HS: Stepping back a bit, could you also tell us how you first got interested in primates and primate behaviour, and how you decided to do your PhD on this topic?
SB: Originally I didn’t study primates. My undergraduate work all involved ecology, focusing on stream ecology and small mammals. For instance, I did fieldwork looking at how small mammals used a field that a farmer had mowed smaller amounts of each year as he had gotten older. This resulted in a really nice succession that went from mowed annually to what was starting to become pretty established forest. We were tracking small mammals, to see how they used the habitat. I also worked in a prairie vole lab. Prairies voles are generally monogamous but would sometimes communally nest. I was interested in this because I was – and still am – fascinated by how individuals make decisions about cooperation. How do they decide who to cooperate with and when to quit cooperating? Or when it’s time to go find someone new?
When I was looking at graduate programs, I focused on the question, cooperation, rather than any particular species, and so applied to programs working with prairie voles, birds, amphibians and, of course, primates. I decided to come to Emory and work with Frans de Waal because working with him offered the most opportunities to explore really flexible decision making. Primates can think about each decision and flexibly adjust as needed.
HS: Could you tell us a little more about your collaboration with Frans – both the work for this paper and for the rest of the PhD? Was he involved in doing the experiments, or was his contribution mainly in terms of discussions and writing up of the papers?
SB: Frans was my graduate adviser, so, of course, he helped me immensely with discussing the topics that interested me, figuring out what would be a good way to test the questions that I had, and then designing the nitty-gritty details of the experiment that I needed for the test. After I ran the experiments and looked at the data, we would discuss the findings. I would write a first draft of the manuscript, and then we would work collaboratively on it. We continue to work together today, and continue to work very collaboratively.
HS: Could you give us a sense of what your daily routine was like when you were doing these experiments?

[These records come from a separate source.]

lemma transpose_perm_matrix_mult:
  assumes \<sigma>: "\<sigma> permutes {..<N}"
  shows "transpose_mat (perm_matrix N \<sigma>) * perm_matrix N \<sigma> = 1\<^sub>m N"
proof (rule eq_matI)
  fix a b assume "a < dim_row (1\<^sub>m N :: real mat)" "b < dim_col (1\<^sub>m N :: real mat)"
  then have a: "a < N" and b: "b < N" by auto
  have "(transpose_mat (perm_matrix N \<sigma>) * perm_matrix N \<sigma>) $$ (a, b) =
        (\<Sum>c\<in>{..<N}. (\<lambda>d. (if a = d then 1 else 0) * (if b = d then 1 else 0)) (\<sigma> c))"
    using a b by (simp add: perm_matrix_def scalar_prod_def atLeast0LessThan)
  also have "\<dots> = (\<Sum>d\<in>{..<N}. (if a = d then 1 else 0) * (if b = d then 1 else 0 :: real))"
    by (rule sum.reindex_bij_betw[OF permutes_imp_bij[OF \<sigma>]])
  also have "\<dots> = 1\<^sub>m N $$ (a, b)"
    using a b by (simp add: if_distrib[of "\<lambda>c. c * _"] cong: if_cong)
  finally show "(transpose_mat (perm_matrix N \<sigma>) * perm_matrix N \<sigma>) $$ (a, b) = 1\<^sub>m N $$ (a, b)" .
qed (auto simp: perm_matrix_def)

lemma mult_mat_vec_unit_vec:
  fixes A :: "'a :: semiring_1 mat"
  shows "A \<in> carrier_mat m n \<Longrightarrow> a < m \<Longrightarrow> b < n \<Longrightarrow> (A *\<^sub>v unit_vec n b) $ a = A $$ (a, b)"
  by (simp add: scalar_prod_def if_distrib[of "\<lambda>c. _ * c"] cong: if_cong)

lemma mat_eq_if_mult_vec_eq:
  fixes A B :: "'a :: semiring_1 mat"
  assumes A: "A \<in> carrier_mat m n" and B: "B \<in> carrier_mat m n"
    and eq: "\<And>v. v \<in> carrier_vec n \<Longrightarrow> A *\<^sub>v v = B *\<^sub>v v"
  shows "A = B"
proof (rule eq_matI)
  fix a b assume "a < dim_row B" "b < dim_col B"
  then have "a < m" "b < n" using B by auto
  then have "A $$ (a, b) = (A *\<^sub>v unit_vec n b) $ a"
    by (simp add: mult_mat_vec_unit_vec[OF A])
  also have "\<dots> = (B *\<^sub>v unit_vec n b) $ a"
    by (simp add: eq)
  also have "\<dots> = B $$ (a, b)"
    using \<open>a < m\<close> \<open>b < n\<close> by (simp add: mult_mat_vec_unit_vec[OF B])
  finally show "A $$ (a, b) = B $$ (a, b)" .
qed (use A B in auto)

lemma mult_conj_orthogonal_cancel:
  fixes R A Q B C :: "'a :: comm_ring_1 mat"
  assumes R: "R \<in> carrier_mat m m" and A: "A \<in> carrier_mat m k"
    and Q: "Q \<in> carrier_mat k k" and QQ: "transpose_mat Q * Q = 1\<^sub>m k"
    and B: "B \<in> carrier_mat k j" and C: "C \<in> carrier_mat j j"
  shows "(R * A * transpose_mat Q) * (Q * B * transpose_mat C) = R * (A * B) * transpose_mat C"
proof -
  have QT: "transpose_mat Q \<in> carrier_mat k k" and CT: "transpose_mat C \<in> carrier_mat j j"
    using Q C by simp_all
  have RA: "R * A \<in> carrier_mat m k" and AB: "A * B \<in> carrier_mat m j"
    and BC: "B * transpose_mat C \<in> carrier_mat k j"
    using R A B CT by simp_all
  have "(R * A * transpose_mat Q) * (Q * B * transpose_mat C)
      = (R * A) * (transpose_mat Q * (Q * (B * transpose_mat C)))"
    using assoc_mult_mat[OF Q B CT] assoc_mult_mat[OF RA QT mult_carrier_mat[OF Q BC]] by simp
  also have "transpose_mat Q * (Q * (B * transpose_mat C)) = B * transpose_mat C"
    using assoc_mult_mat[OF QT Q BC] QQ left_mult_one_mat[OF BC] by simp
  also have "(R * A) * (B * transpose_mat C) = R * (A * B) * transpose_mat C"
    using assoc_mult_mat[OF R A BC] assoc_mult_mat[OF A B CT] assoc_mult_mat[OF R AB CT] by simp
  finally show ?thesis .
qed

lemma perm_matrix_reorders_tvec:
  assumes "distinct L" and "set L = idx_set n"
  obtains \<sigma> where "\<sigma> permutes {..<prod_list n}"
    and "\<And>X. perm_matrix (prod_list n) \<sigma> *\<^sub>v tvec X n = vec_of_list (map X L)"
proof
  define N where "N = prod_list n"
  define \<sigma> where "\<sigma> a = (if a < N then ivec (L!a) n - 1 else a)" for a
  have len: "length L = N"
    using distinct_card[OF assms(1)] assms(2) card_idx_set by (simp add: N_def)
  have "bij_betw (\<lambda>a. ivec (L!a) n - 1) {..<N} {..<N}"
  proof -
    have "bij_betw ((!) L) {..<N} (idx_set n)"
      by (rule bij_betw_nth) (use assms len in auto)
    moreover have "bij_betw (\<lambda>x. x - 1) {1..N} {..<N}"
      by (rule bij_betwI[where g = Suc]) auto
    ultimately show ?thesis
      using bij_betw_trans[OF bij_betw_trans[OF _ bij_betw_ivec]] by (fastforce simp: o_def N_def)
  qed
  then show \<sigma>: "\<sigma> permutes {..<prod_list n}"
    unfolding N_def[symmetric]
    by (rule bij_imp_permutes[OF bij_betw_cong[THEN iffD1, rotated]]) (simp_all add: \<sigma>_def)
  fix X
  show "perm_matrix (prod_list n) \<sigma> *\<^sub>v tvec X n = vec_of_list (map X L)"
  proof (rule eq_vecI)
    fix a assume "a < dim_vec (vec_of_list (map X L))"
    then have a: "a < N" using len by simp
    have "L!a \<in> idx_set n" using a len assms(2) nth_mem by blast
    then have "univec (\<sigma> a + 1) n = L!a"
      using a bij_betw_apply[OF bij_betw_ivec] by (auto simp: \<sigma>_def univec_ivec Suc_le_eq)
    moreover have "\<sigma> a < N" using permutes_in_image[OF \<sigma>, of a] a by (simp add: N_def)
    ultimately show "(perm_matrix (prod_list n) \<sigma> *\<^sub>v tvec X n) $ a = vec_of_list (map X L) $ a"
      using a len by (simp add: perm_matrix_mult_vec[OF \<sigma>] tvec_def N_def vec_of_list_index)
  qed (simp add: len N_def tvec_def perm_matrix_def)
qed

lemma Pmat_perm_matrix:
  assumes "blocking K n"
  obtains \<sigma> where "\<sigma> permutes {..<prod_list n}" and "Pmat n K = perm_matrix (prod_list n) \<sigma>"
proof -
  obtain \<sigma> where \<sigma>: "\<sigma> permutes {..<prod_list n}"
    and reorder: "\<And>X. perm_matrix (prod_list n) \<sigma> *\<^sub>v tvec X n = tvec_blk X K"
    unfolding tvec_blk_eq
    by (rule perm_matrix_reorders_tvec[OF distinct_block_idx_list set_block_idx_list[OF assms]])
      blast
  txt \<open>Uniqueness in the description defining Pmat: every vector is the vec of some tensor.\<close>
  have "Pmat n K = perm_matrix (prod_list n) \<sigma>"
    unfolding Pmat_def
  proof (rule the_equality)
    fix P assume P: "perm_mat P (prod_list n) \<and> (\<forall>X. P *\<^sub>v tvec X n = tvec_blk X K)"
    show "P = perm_matrix (prod_list n) \<sigma>"
    proof (rule mat_eq_if_mult_vec_eq)
      show "P \<in> carrier_mat (prod_list n) (prod_list n)"
        using P by (auto simp: perm_mat_iff)
      fix v :: "real vec" assume "v \<in> carrier_vec (prod_list n)"
      then have "v = tvec (\<lambda>j. v $ (ivec j n - 1)) n"
        by (metis carrier_vecD tvec_of_vec)
      then show "P *\<^sub>v v = perm_matrix (prod_list n) \<sigma> *\<^sub>v v"
        using P reorder by metis
    qed simp
  qed (use \<sigma> reorder in \<open>auto simp: perm_mat_iff\<close>)
  with \<sigma> that show ?thesis by blast
qed

lemma
  assumes "blocking K n"
  shows Pmat_carrier: "Pmat n K \<in> carrier_mat (prod_list n) (prod_list n)"
    and transpose_Pmat_mult: "transpose_mat (Pmat n K) * Pmat n K = 1\<^sub>m (prod_list n)"
proof -
  obtain \<sigma> where "\<sigma> permutes {..<prod_list n}" and "Pmat n K = perm_matrix (prod_list n) \<sigma>"
    by (rule Pmat_perm_matrix[OF assms])
  then show "Pmat n K \<in> carrier_mat (prod_list n) (prod_list n)"
    and "transpose_mat (Pmat n K) * Pmat n K = 1\<^sub>m (prod_list n)"
    by (simp_all add: transpose_perm_matrix_mult)
qed

section \<open>Unfoldings of a contraction\<close>

lemma tunfold_carrier: "tunfold X n r c \<in> carrier_mat (prod_list (sel n r)) (prod_list (sel n c))"
  by (simp add: tunfold_def)

lemma ptrans_upt: "length j = d \<Longrightarrow> ptrans X [1..<d + 1] j = X j"
proof -
  assume "length j = d"
  moreover have "map (\<lambda>k. i ! (k - 1)) [1..<d + 1] = i" if "length i = d" for i :: "nat list"
    by (rule nth_equalityI) (use that in \<open>auto simp del: upt_Suc\<close>)
  ultimately have "(THE i. length i = length [1..<d + 1] \<and> map (\<lambda>k. i ! (k - 1)) [1..<d + 1] = j) = j"
    by (intro the_equality) (auto simp del: upt_Suc)
  then show ?thesis unfolding ptrans_def by simp
qed

lemma sel_upt: "m + k \<le> length v \<Longrightarrow> sel v [m + 1..<m + k + 1] = take k (drop m v)"
  by (rule nth_equalityI) (auto simp del: upt_Suc simp: sel_def)

lemma sel_append_upt:
  "sel (xs @ ys) [1..<length xs + 1] = xs"
  "sel (xs @ ys) [length xs + 1..<length xs + length ys + 1] = ys"
  using sel_upt[of 0 "length xs" "xs @ ys"] sel_upt[of "length xs" "length ys" "xs @ ys"] by simp_all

SB: One challenge to working with primates is that you only have a limited amount of time that you can work with them each day. They need to eat, rest, and socialize, there are husbandry needs, and there are usually several people working with them who are sharing time. In a typical morning, we’d come in and feed them first. The monkeys lived in a large social group in large indoor-outdoor enclosures (they did then, and still do at Georgia State, where I am now), so we’d call them inside and offer whoever we were working with the opportunity to come into the testing chamber, which is attached to the indoor area in their home enclosure. They only participate if they choose to, so if they came in, we’d run the study and then let them back outside to join the rest of their group. Usually, my afternoons were spent doing writing, data analysis, coding of video tapes, and other non-data collection tasks that needed completing. Finally, we’d give them their evening meal before leaving.
HS: Tell me a little bit about the history of these monkeys.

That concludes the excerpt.